◆ REQUIRED ACTION: Beginning with the opening line, set down each line of the material below exactly, stopping once the line with "using assms by" is done.

◆ STUDY MATERIAL:
lemma crossing_edge_pyr_edges:
  assumes "S \<subseteq> {2..n-1}" "2 \<le> c" "c + 2 \<le> n" "c \<in> S" "Suc c \<notin> S" "a \<le> c" "c < b"
  shows "{a, b} \<in> pyr_edges n S \<longleftrightarrow>
    (a = c \<and> Suc c < b \<and> consecutive (up_chain n S) a b) \<or>
    (a < c \<and> b = Suc c \<and> consecutive (down_chain n S) a b)"
proof -
  have U: "c \<in> up_chain n S" "Suc c \<notin> up_chain n S"
    and D: "c \<notin> down_chain n S" "Suc c \<in> down_chain n S"
    using assms by (auto simp: up_chain_def down_chain_def)
  have "a < b" using assms(6,7) by simp
  show ?thesis
  proof
    assume "{a, b} \<in> pyr_edges n S"
    then consider (up) "consecutive (up_chain n S) a b" | (down) "consecutive (down_chain n S) a b"
      using pyr_edges_iff[OF \<open>a < b\<close>] by blast
    then show "(a = c \<and> Suc c < b \<and> consecutive (up_chain n S) a b) \<or>
      (a < c \<and> b = Suc c \<and> consecutive (down_chain n S) a b)"
    proof cases
      case up
      have "a = c" using consecutive_gap[OF up, of c] U(1) assms(6,7) by linarith
      moreover have "b \<noteq> Suc c" using up U(2) by (auto simp: consecutive_def)
      ultimately show ?thesis using up assms(7) by auto
    next
      case down
      have "b = Suc c" using consecutive_gap[OF down, of "Suc c"] D(2) assms(6,7) by linarith
      moreover have "a \<noteq> c" using down D(1) by (auto simp: consecutive_def)
      ultimately show ?thesis using down assms(6) by auto
    qed
  qed (use pyr_edges_iff[OF \<open>a < b\<close>] in blast)
qed

definition splice_at :: "nat \<Rightarrow> nat set \<Rightarrow> nat set \<Rightarrow> nat set" where
  "splice_at c S1 S2 = {i \<in> S1. i \<le> c} \<union> {i \<in> S2. c < i}"

lemma splice_at_subset: "S1 \<subseteq> A \<Longrightarrow> S2 \<subseteq> A \<Longrightarrow> splice_at c S1 S2 \<subseteq> A"
  by (auto simp: splice_at_def)

context
  fixes n c :: nat and S1 S2 :: "nat set"
  assumes S: "S1 \<subseteq> {2..n-1}" "S2 \<subseteq> {2..n-1}" and c: "2 \<le> c" "c + 2 \<le> n"
    and c_S1: "c \<in> S1" "Suc c \<notin> S1" and c_S2: "c \<in> S2" "Suc c \<notin> S2"
begin

text \<open>Splicing two tours at a common break \<open>c\<close> exchanges their edges crossing the gap
  between \<open>c\<close> and \<open>c + 1\<close>.\<close>
lemma splice_edges:
  assumes "a < b"
  defines "e \<equiv> {a, b}"
  shows "(e \<in> pyr_edges n (splice_at c S1 S2) \<longleftrightarrow> e \<in> pyr_edges n S1) \<and>
      (e \<in> pyr_edges n (splice_at c S2 S1) \<longleftrightarrow> e \<in> pyr_edges n S2) \<or>
    (e \<in> pyr_edges n (splice_at c S1 S2) \<longleftrightarrow> e \<in> pyr_edges n S2) \<and>
      (e \<in> pyr_edges n (splice_at c S2 S1) \<longleftrightarrow> e \<in> pyr_edges n S1)"
proof -
  consider "b \<le> c" | "c < a" | "a \<le> c" "c < b" by linarith
  then show ?thesis
  proof cases
    case 1
    then show ?thesis unfolding e_def
      by (intro disjI1 conjI pyr_edges_local[OF assms(1)]) (auto simp: splice_at_def)
  next
    case 2
    then show ?thesis unfolding e_def
      by (intro disjI2 conjI pyr_edges_local[OF assms(1)]) (auto simp: splice_at_def)
  next
    case 3
    have S': "splice_at c S1 S2 \<subseteq> {2..n-1}" "c \<in> splice_at c S1 S2" "Suc c \<notin> splice_at c S1 S2"
      "splice_at c S2 S1 \<subseteq> {2..n-1}" "c \<in> splice_at c S2 S1" "Suc c \<notin> splice_at c S2 S1"
      using S c_S1 c_S2 by (auto simp: splice_at_def)
    note cross = crossing_edge_pyr_edges[OF _ c _ _ 3]
    have up: "consecutive (up_chain n (splice_at c S1 S2)) c b \<longleftrightarrow> consecutive (up_chain n S2) c b"
      "consecutive (up_chain n (splice_at c S2 S1)) c b \<longleftrightarrow> consecutive (up_chain n S1) c b"
      using c_S1 c_S2 by (auto simp: splice_at_def intro!: chains_local)
    have down: "consecutive (down_chain n (splice_at c S1 S2)) a (Suc c) \<longleftrightarrow> consecutive (down_chain n S1) a (Suc c)"
      "consecutive (down_chain n (splice_at c S2 S1)) a (Suc c) \<longleftrightarrow> consecutive (down_chain n S2) a (Suc c)"
      using c_S1 c_S2 by (auto simp: splice_at_def le_Suc_eq intro!: chains_local)
    consider "a = c" "Suc c < b" | "a < c" "b = Suc c" | "\<not> (a = c \<and> Suc c < b)" "\<not> (a < c \<and> b = Suc c)"
      by blast
    then show ?thesis
      unfolding e_def cross[OF S(1) c_S1] cross[OF S(2) c_S2] cross[OF S'(1-3)] cross[OF S'(4-6)]
      by cases (use up down in auto)
  qed
qed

◆ YOUR SOLUTION:
lemma crossing_edge_pyr_edges:
  assumes "S \<subseteq> {2..n-1}" "2 \<le> c" "c + 2 \<le> n" "c \<in> S" "Suc c \<notin> S" "a \<le> c" "c < b"
  shows "{a, b} \<in> pyr_edges n S \<longleftrightarrow>
    (a = c \<and> Suc c < b \<and> consecutive (up_chain n S) a b) \<or>
    (a < c \<and> b = Suc c \<and> consecutive (down_chain n S) a b)"
proof -
  have U: "c \<in> up_chain n S" "Suc c \<notin> up_chain n S"
    and D: "c \<notin> down_chain n S" "Suc c \<in> down_chain n S"
    using assms by (auto simp: up_chain_def down_chain_def)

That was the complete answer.